= Work item =
Of the records that follow, copy only the lines from the line containing "A \<Longrightarrow> R" to the line containing "A \<subseteq> pointwise.span", both included, exactly as written.
Start of Input material
(* Let $G\in\mathbb{R}^{z_1\times\cdots\times z_n}$ and, for $k=1,\dots,n$, let $H_k\in\mathbb{R}^{m_{k,1}\times\cdots\times m_{k,d_k}}$ with $d_k\ge1$. Let $T=G\circledast[H_1,\dots,H_n]$, a tensor with dimensions indexed by pairs $(k,i)$, $1\le k\le n$, $1\le i\le d_k$, of sizes $s_{k,i}=z_k+m_{k,i}-1$. Then for every $k$ and $i$, $$\operatorname{rank}([k,i],T)\le\begin{cases}\min\big(s_{k,1},\operatorname{rank}(k,G)\big), & \text{if } H_k \text{ is one-dimensional } (d_k=1),\\ \min\big(s_{k,i},\,z_k\operatorname{rank}(i,H_k)\big), & \text{otherwise.}\end{cases}$$
   Context: Tensors are indexed from $0$ and regarded as functions on $\mathbb{Z}^d$ vanishing outside their index ranges. The outer convolution $T=G\circledast[H_1,\dots,H_n]$ is the tensor of order $\sum_k d_k$ with entries $T(t_{1,1},\dots,t_{1,d_1};\dots;t_{n,1},\dots,t_{n,d_n})=\sum_{\tau_1,\dots,\tau_n}G(\tau_1,\dots,\tau_n)\prod_{k=1}^n H_k(t_{k,1}-\tau_k,\,t_{k,2}-\tau_k,\dots,t_{k,d_k}-\tau_k)$, for $t_{k,i}\in\{0,\dots,z_k+m_{k,i}-2\}$. For a tensor $A$, $\operatorname{rank}(j,A)$ is the $j$-th Tucker rank, i.e. the rank of the mode-$j$ matricization of $A$ (for a matrix, its rank; a one-dimensional vector has rank $1$); $\operatorname{rank}([k,i],T)$ is the Tucker rank of $T$ along the dimension indexed by $(k,i)$. *)

theory Defs
  imports Complex_Main "HOL-Library.Function_Algebras"
begin

text \<open>Tensors are real-valued functions on integer index lists (points of Z^d),
  vanishing outside their index box. Indices are 0-based.\<close>

definition tbox :: "nat list \<Rightarrow> int list set" where
  "tbox ds = {xs. length xs = length ds \<and> (\<forall>i<length ds. 0 \<le> xs ! i \<and> xs ! i < int (ds ! i))}"

definition is_tensor :: "nat list \<Rightarrow> (int list \<Rightarrow> real) \<Rightarrow> bool" where
  "is_tensor ds A \<longleftrightarrow> (\<forall>xs. xs \<notin> tbox ds \<longrightarrow> A xs = 0)"

definition frank :: "('a \<Rightarrow> real) set \<Rightarrow> nat" where
  "frank S = vector_space.dim (\<lambda>c (f::'a \<Rightarrow> real) x. c * f x) S"

text \<open>Tucker rank along mode j of a tensor with N = size of mode j:
  rank of the mode-j matricization = dimension of the span of its rows,
  row a being the function of the remaining indices.\<close>
definition tucker_rank :: "nat \<Rightarrow> nat \<Rightarrow> (int list \<Rightarrow> real) \<Rightarrow> nat" where
  "tucker_rank j N A = frank ((\<lambda>a r. A (take j r @ a # drop j r)) ` {0..<int N})"

text \<open>Tensors with dimensions indexed by pairs (k,i): indices are lists of lists.\<close>
definition tbox2 :: "nat list list \<Rightarrow> int list list set" where
  "tbox2 ss = {tt. length tt = length ss \<and> (\<forall>k<length ss. tt ! k \<in> tbox (ss ! k))}"

definition tucker_rank2 :: "nat \<Rightarrow> nat \<Rightarrow> nat \<Rightarrow> (int list list \<Rightarrow> real) \<Rightarrow> nat" where
  "tucker_rank2 k i N T =
     frank ((\<lambda>a tt. T (tt[k := take i (tt ! k) @ a # drop i (tt ! k)])) ` {0..<int N})"

definition oconv_dims :: "nat list \<Rightarrow> nat list list \<Rightarrow> nat list list" where
  "oconv_dims z m = map (\<lambda>k. map (\<lambda>mi. z ! k + mi - 1) (m ! k)) [0..<length z]"

definition outer_conv ::
  "nat list \<Rightarrow> nat list list \<Rightarrow> (int list \<Rightarrow> real) \<Rightarrow> (nat \<Rightarrow> int list \<Rightarrow> real)
     \<Rightarrow> int list list \<Rightarrow> real" where
  "outer_conv z m G H tt =
     (if tt \<in> tbox2 (oconv_dims z m) then
        (\<Sum>\<tau>\<in>tbox z. G \<tau> * (\<Prod>k<length z. H k (map (\<lambda>t. t - \<tau> ! k) (tt ! k))))
      else 0)"

end

theory Submission
  imports Defs
begin

(* Splitting the summation index \<tau> of the convolution into its k-th coordinate c and the
   remaining coordinates \<sigma>, every slice of T along mode (k,i) at position a becomes a sum
   over c of products in which the only dependence on a is through the slice of H_k along
   mode i at position a - c.  Expanding these slices of H_k in a basis of their span writes
   every slice of T as a linear combination of z_k * rank(i,H_k) fixed functions, indexed by
   c and the basis element.  If d_k = 1, H_k only contributes the scalars H_k(a - c); then
   one expands instead the mode-k slices of G at position c, and every slice of T becomes a
   combination of rank(k,G) fixed functions.  The bound s_{k,i} is just the number of
   slices. *)

global_interpretation pointwise: vector_space "\<lambda>c (f::'a \<Rightarrow> real) x. c * f x"
  by unfold_locales (auto simp: fun_eq_iff algebra_simps)

lemma sum_fun_apply: "(sum f A) x = (\<Sum>a\<in>A. f a x)"
  by (induction A rule: infinite_finite_induct) auto

lemma lincomb_in_span:
  "(\<lambda>x. \<Sum>j\<in>J. v j * F j x) \<in> pointwise.span (F ` J)"
proof -
  have "(\<lambda>x. \<Sum>j\<in>J. v j * F j x) = (\<Sum>j\<in>J. (\<lambda>x. v j * F j x))"
    by (simp add: sum_fun_apply fun_eq_iff)
  also have "\<dots> \<in> pointwise.span (F ` J)"
    by (intro pointwise.span_sum pointwise.span_scale pointwise.span_base) simp
  finally show ?thesis .
qed

lemma frank_le_card_of_lincomb:
  assumes "finite J" and "\<And>a x. a \<in> A \<Longrightarrow> R a x = (\<Sum>j\<in>J. v a j * F j x)"
  shows "frank (R ` A) \<le> card J"
proof -
  have "frank (R ` A) \<le> card (F ` J)"
    unfolding frank_def
  proof (rule pointwise.dim_le_card)
    have "R a = (\<lambda>x. \<Sum>j\<in>J. v a j * F j x)" if "a \<in> A" for a
      using assms(2)[OF that] by auto
    then show "R ` A \<subseteq> pointwise.span (F ` J)"
      using lincomb_in_span by auto
  qed (use assms(1) in simp)
  also have "\<dots> \<le> card J"
    using assms(1) by (rule card_image_le)
  finally show ?thesis .
qed

lemma frank_image_le_card:
  assumes "finite A"
  shows "frank (f ` A) \<le> card A"
proof -
  have "frank (f ` A) \<le> card (f ` A)"
    unfolding frank_def using assms
    by (intro pointwise.dim_le_card) (auto intro: pointwise.span_base)
  also have "\<dots> \<le> card A"
    using assms by (rule card_image_le)
  finally show ?thesis .
qed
End of Input material
= Your solution =
  assumes "finite J" and "\<And>a x. a \<in> A \<Longrightarrow> R a x = (\<Sum>j\<in>J. v a j * F j x)"
  shows "frank (R ` A) \<le> card J"
proof -
  have "frank (R ` A) \<le> card (F ` J)"
    unfolding frank_def
  proof (rule pointwise.dim_le_card)
    have "R a = (\<lambda>x. \<Sum>j\<in>J. v a j * F j x)" if "a \<in> A" for a
      using assms(2)[OF that] by auto
    then show "R ` A \<subseteq> pointwise.span (F ` J)"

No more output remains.